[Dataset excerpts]
lemma harmonic_measure_ball_comparison:
  assumes x: "x \<in> X0" and r: "0 < r" and rR: "ereal r < R0t \<rho> X0 x"
    and y: "y \<in> Ut \<rho> x (ball_ratio\<^sup>2 * r)" and F: "F \<in> sets borel" "F \<subseteq> - Ut \<rho> x r"
  shows "emeasure (\<mu> (Ut \<rho> x (ball_ratio * r)) x) F \<le> ennreal cJ * emeasure (\<mu> (Ut \<rho> x r) y) F"
proof -
  obtain r' where r': "r < r'" "closure (Ut \<rho> x r') \<subseteq> X0" using less_R0tD[OF rR] .
  have ball_X0: "Ut \<rho> x r \<subseteq> X0" using Ut_mono[of r r'] r' closure_subset by fastforce
  define s where "s = r powr \<gamma> / C"
  have s: "0 < s" using r C_pos by (simp add: s_def)
  have "closure (Vset G x (r' powr \<gamma> / C)) \<subseteq> X0"
    using closure_mono[OF Vset_subset_Ut[of r']] r r' by force
  moreover have "s < r' powr \<gamma> / C"
    using r r' C_pos gamma_pos by (simp add: s_def powr_less_mono2 divide_strict_right_mono)
  ultimately have sS0: "ereal s < S0 G X0 x" using s by (intro less_S0I) auto
  have ball_in_Vset: "Ut \<rho> x (ball_ratio ^ k * r) \<subseteq> Vset G x (\<alpha> ^ k * s)" if "k \<in> {1, 2}" for k
  proof -
    have rk: "0 < ball_ratio ^ k * r" "ball_ratio ^ k * r \<le> r"
      using ball_ratio_bounds r by (simp_all add: mult_left_le_one_le power_le_one)
    have "(ball_ratio ^ k * r) powr \<gamma> = (ball_ratio powr \<gamma>) ^ k * r powr \<gamma>"
      using ball_ratio_bounds r
      by (simp add: powr_mult powr_realpow[symmetric] powr_powr powr_power mult.commute)
    then have scaled: "(ball_ratio ^ k * r) powr \<gamma> = (\<alpha> * lam\<^sup>2 / C\<^sup>2) ^ k * r powr \<gamma>"
      by (simp only: ball_ratio_powr)
    have bound: "C * ((\<alpha> * lam\<^sup>2 / C\<^sup>2) ^ k * P) / lam\<^sup>2 \<le> \<alpha> ^ k * (P / C)" if "0 < P" for P
      using \<open>k \<in> {1, 2}\<close> that alpha lam C_ge1
      by (auto simp: field_simps power2_eq_square) (simp add: mult_mono')
    have radius: "C * (ball_ratio ^ k * r) powr \<gamma> / lam\<^sup>2 \<le> \<alpha> ^ k * s"
      unfolding scaled s_def by (rule bound) (use r in simp)
    have w_ball: "lam \<le> w z" if "z \<in> Ut \<rho> x (ball_ratio ^ k * r)" for z
      using lam_le_w[OF subsetD[OF ball_X0 subsetD[OF Ut_mono[OF rk(2)] that]]] .
    have "Ut \<rho> x (ball_ratio ^ k * r) \<subseteq> Vset G x (C * (ball_ratio ^ k * r) powr \<gamma> / lam\<^sup>2)"
      by (rule Ut_subset_Vset[OF rk(1) lam(1) w_ball])
    also have "\<dots> \<subseteq> Vset G x (\<alpha> ^ k * s)"
      by (rule Vset_mono[OF radius])
    finally show ?thesis .
  qed
  let ?V = "\<lambda>t. interior (Vset G x t)"
  have V_ball: "?V s \<subseteq> Ut \<rho> x r" using Vset_subset_Ut[OF r] interior_subset by (auto simp: s_def)
  have ball_V1: "Ut \<rho> x (ball_ratio * r) \<subseteq> ?V (\<alpha> * s)"
    using ball_in_Vset[of 1] by (intro interior_maximal open_Ut) simp
  have y_V2: "y \<in> ?V (\<alpha>\<^sup>2 * s)"
    using ball_in_Vset[of 2] y interior_maximal[OF _ open_Ut] by blast
  have V1_V: "?V (\<alpha> * s) \<subseteq> ?V s"
    using alpha s by (intro interior_mono Vset_mono) simp
  have "emeasure (\<mu> (Ut \<rho> x (ball_ratio * r)) x) F \<le> emeasure (\<mu> (?V (\<alpha> * s)) x) F"
    by (rule mu_mono_outside[OF open_Ut open_interior ball_V1 F(1)])
      (use F(2) V1_V V_ball in blast)
  also have "\<dots> \<le> ennreal cJ * emeasure (\<mu> (?V s) y) F"
    by (rule HJ[OF x s sS0 y_V2 F(1)]) (use F(2) V_ball in blast)
  also have "\<dots> \<le> ennreal cJ * emeasure (\<mu> (Ut \<rho> x r) y) F"
    by (rule mult_left_mono[OF mu_mono_outside[OF open_interior open_Ut V_ball F]]) simp
  finally show ?thesis .
qed

theorem weighted_harmonic_measure_ball_comparison:
  assumes x: "x \<in> X0" and r: "0 < r" and rR: "ereal r < ereal ball_ratio * R0t \<rho> X0 x"
    and y: "y \<in> Ut \<rho> x (ball_ratio\<^sup>2 * r)" and E: "E \<in> sets borel" "E \<subseteq> - Ut \<rho> x r"
  shows "emeasure (wmeas \<mu> w (Ut \<rho> x (ball_ratio * r)) x) E
           \<le> ennreal (cJ / lam) * emeasure (wmeas \<mu> w (Ut \<rho> x r) y) E"
proof -
  have "ereal r < R0t \<rho> X0 x"
    using ball_ratio_bounds r rR
    by (cases "R0t \<rho> X0 x") (auto, smt (verit) mult_left_le_one_le zero_less_mult_iff)
  then have harnack: "emeasure (\<mu> (Ut \<rho> x (ball_ratio * r)) x) F
                        \<le> ennreal cJ * emeasure (\<mu> (Ut \<rho> x r) y) F"
    if "F \<in> sets borel" "F \<subseteq> E" for F
    using that E by (intro harmonic_measure_ball_comparison[OF x r _ y]) auto
  have weights: "lam * w y \<le> w x"
    using mult_left_le[of "w y" lam] lam lam_le_w[OF x] w_le1[of y] by linarith
  show ?thesis
    unfolding wmeas_def
    by (rule emeasure_weighted_density_le[OF mu_sets[OF open_Ut] mu_sets[OF open_Ut] E(1)
          harnack w_meas w_pos lam(1) weights]) (use cJ in simp_all)
qed

end

theorem lemma7p6:
  fixes \<mu> :: "'a::metric_space set \<Rightarrow> 'a \<Rightarrow> 'a measure"
    and X0 :: "'a set"
    and G :: "'a \<Rightarrow> 'a \<Rightarrow> ennreal"
    and w :: "'a \<Rightarrow> real"
    and \<rho>t :: "'a \<Rightarrow> 'a \<Rightarrow> real"
    and ct \<gamma> C :: real
  assumes separable: "\<exists>D::'a set. countable D \<and> closure D = UNIV"
    and X0_open: "open X0" and X0_proper: "X0 \<noteq> UNIV"
    \<comment> \<open>standing assumptions on the family of measures\<close>
    and mu_sets: "\<And>U x. open U \<Longrightarrow> sets (\<mu> U x) = sets borel"
    and mu_finite: "\<And>U x. open U \<Longrightarrow> finite_measure (\<mu> U x)"
    and mu_U: "\<And>U x. open U \<Longrightarrow> emeasure (\<mu> U x) U = 0"
    and mu_le1: "\<And>U x. open U \<Longrightarrow> emeasure (\<mu> U x) UNIV \<le> 1"
    and mu_dirac: "\<And>U x. open U \<Longrightarrow> x \<notin> U \<Longrightarrow> \<mu> U x = return borel x"
    and mu_univ: "\<And>U E. open U \<Longrightarrow> E \<in> sets borel \<Longrightarrow>
                     univ_measurable (\<lambda>y. emeasure (\<mu> U y) E)"
    and mu_balayage: "\<And>U V x E. open U \<Longrightarrow> open V \<Longrightarrow> V \<subseteq> U \<Longrightarrow> E \<in> sets borel \<Longrightarrow>
         emeasure (\<mu> U x) E = (\<integral>\<^sup>+ y. emeasure (\<mu> U y) E \<partial>completion (\<mu> V x))"
    \<comment> \<open>(G2')\<close>
    and G_meas: "(\<lambda>(x, y). G x y) \<in> borel_measurable borel"
    and G_pos: "\<And>x y. G x y > 0"
    and G_diag: "\<And>x. G x x = \<infinity>"
    and G_lim: "\<And>x. ((\<lambda>y. G y x) \<longlongrightarrow> \<infinity>) (at x)"
    and w_meas: "w \<in> borel_measurable borel"
    and w_pos: "\<And>x. 0 < w x" and w_le1: "\<And>x. w x \<le> 1"
    and w_super: "\<And>U x. open U \<Longrightarrow> (\<integral>\<^sup>+ y. ennreal (w y) \<partial>\<mu> U x) \<le> ennreal (w x)"
    and ct_gt1: "ct > 1"
    and Gt_quasi: "\<And>x y z. min (Gt G w x z) (Gt G w y z) \<le> ennreal ct * Gt G w x y"
    and lambda_pos: "\<exists>lam>0. \<forall>x\<in>X0. lam \<le> w x"
    and G_bdd: "\<And>x N. open N \<Longrightarrow> x \<in> N \<Longrightarrow>
                   \<exists>B<\<infinity>. \<forall>y\<in>-N. G y x / ennreal (w y) \<le> B"
    \<comment> \<open>(HJ')\<close>
    and HJ: "\<exists>\<alpha> cJ. 0 < \<alpha> \<and> \<alpha> < 1 \<and> cJ \<ge> 1 \<and>
         (\<forall>x\<in>X0. \<forall>s. 0 < s \<and> ereal s < S0 G X0 x \<longrightarrow>
            (\<forall>y\<in>interior (Vset G x (\<alpha>\<^sup>2 * s)). \<forall>E\<in>sets borel.
               E \<subseteq> - interior (Vset G x s) \<longrightarrow>
               emeasure (\<mu> (interior (Vset G x (\<alpha> * s))) x) E
                 \<le> ennreal cJ * emeasure (\<mu> (interior (Vset G x s)) y) E))"
    \<comment> \<open>the metric tilde rho\<close>
    and rho_eq0: "\<And>x y. \<rho>t x y = 0 \<longleftrightarrow> x = y"
    and rho_sym: "\<And>x y. \<rho>t x y = \<rho>t y x"
    and rho_tri: "\<And>x y z. \<rho>t x z \<le> \<rho>t x y + \<rho>t y z"
    and rho_top: "\<And>S. open S \<longleftrightarrow> (\<forall>x\<in>S. \<exists>r>0. Ut \<rho>t x r \<subseteq> S)"
    and gamma: "\<gamma> \<ge> 1" and C: "C \<ge> 1"
    and G_comp: "\<And>x y. x \<noteq> y \<Longrightarrow>
         ennreal (\<rho>t x y powr (-\<gamma>) / C) \<le> Gt G w x y \<and>
         Gt G w x y \<le> ennreal (C * \<rho>t x y powr (-\<gamma>))"
  shows "\<exists>\<alpha>t cJt. 0 < \<alpha>t \<and> \<alpha>t < 1 \<and> cJt \<ge> 1 \<and>
         (\<forall>x\<in>X0. \<forall>r. 0 < r \<and> ereal r < ereal \<alpha>t * R0t \<rho>t X0 x \<longrightarrow>
            (\<forall>y\<in>Ut \<rho>t x (\<alpha>t\<^sup>2 * r). \<forall>E\<in>sets borel.
               E \<subseteq> - Ut \<rho>t x r \<longrightarrow>
               emeasure (wmeas \<mu> w (Ut \<rho>t x (\<alpha>t * r)) x) E
                 \<le> ennreal cJt * emeasure (wmeas \<mu> w (Ut \<rho>t x r) y) E))"
proof -
  from HJ obtain \<alpha> cJ where alpha: "0 < \<alpha>" "\<alpha> < 1" and cJ: "1 \<le> cJ"
    and HJ_at: "\<forall>x\<in>X0. \<forall>s. 0 < s \<and> ereal s < S0 G X0 x \<longrightarrow>
            (\<forall>y\<in>interior (Vset G x (\<alpha>\<^sup>2 * s)). \<forall>E\<in>sets borel.
               E \<subseteq> - interior (Vset G x s) \<longrightarrow>
               emeasure (\<mu> (interior (Vset G x (\<alpha> * s))) x) E
                 \<le> ennreal cJ * emeasure (\<mu> (interior (Vset G x s)) y) E)"
    by blast
  from lambda_pos obtain lam0 where lam0: "0 < lam0" "\<forall>x\<in>X0. lam0 \<le> w x" by blast
  interpret HJ_setting \<rho>t G w C \<gamma> \<mu> X0 \<alpha> cJ "min lam0 1"
    by (unfold_locales; (fact assms alpha cJ)?)
      (use C gamma G_comp HJ_at lam0 in \<open>auto simp: min.coboundedI1\<close>)
  have "1 \<le> cJ / min lam0 1" using cJ lam0 by (simp add: field_simps min_le_iff_disj)
  then show ?thesis
    using ball_ratio_bounds
    by (intro exI[of _ ball_ratio] exI[of _ "cJ / min lam0 1"] conjI ballI allI impI)
      (auto intro: weighted_harmonic_measure_ball_comparison)
qed

end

## What is expected
Exactly the lines from the start of the entries through the one bearing "(simp add: s_def)" are to be output, with both ends included.

## Written solution
lemma harmonic_measure_ball_comparison:
  assumes x: "x \<in> X0" and r: "0 < r" and rR: "ereal r < R0t \<rho> X0 x"
    and y: "y \<in> Ut \<rho> x (ball_ratio\<^sup>2 * r)" and F: "F \<in> sets borel" "F \<subseteq> - Ut \<rho> x r"
  shows "emeasure (\<mu> (Ut \<rho> x (ball_ratio * r)) x) F \<le> ennreal cJ * emeasure (\<mu> (Ut \<rho> x r) y) F"
proof -
  obtain r' where r': "r < r'" "closure (Ut \<rho> x r') \<subseteq> X0" using less_R0tD[OF rR] .
  have ball_X0: "Ut \<rho> x r \<subseteq> X0" using Ut_mono[of r r'] r' closure_subset by fastforce
  define s where "s = r powr \<gamma> / C"
  have s: "0 < s" using r C_pos by (simp add: s_def)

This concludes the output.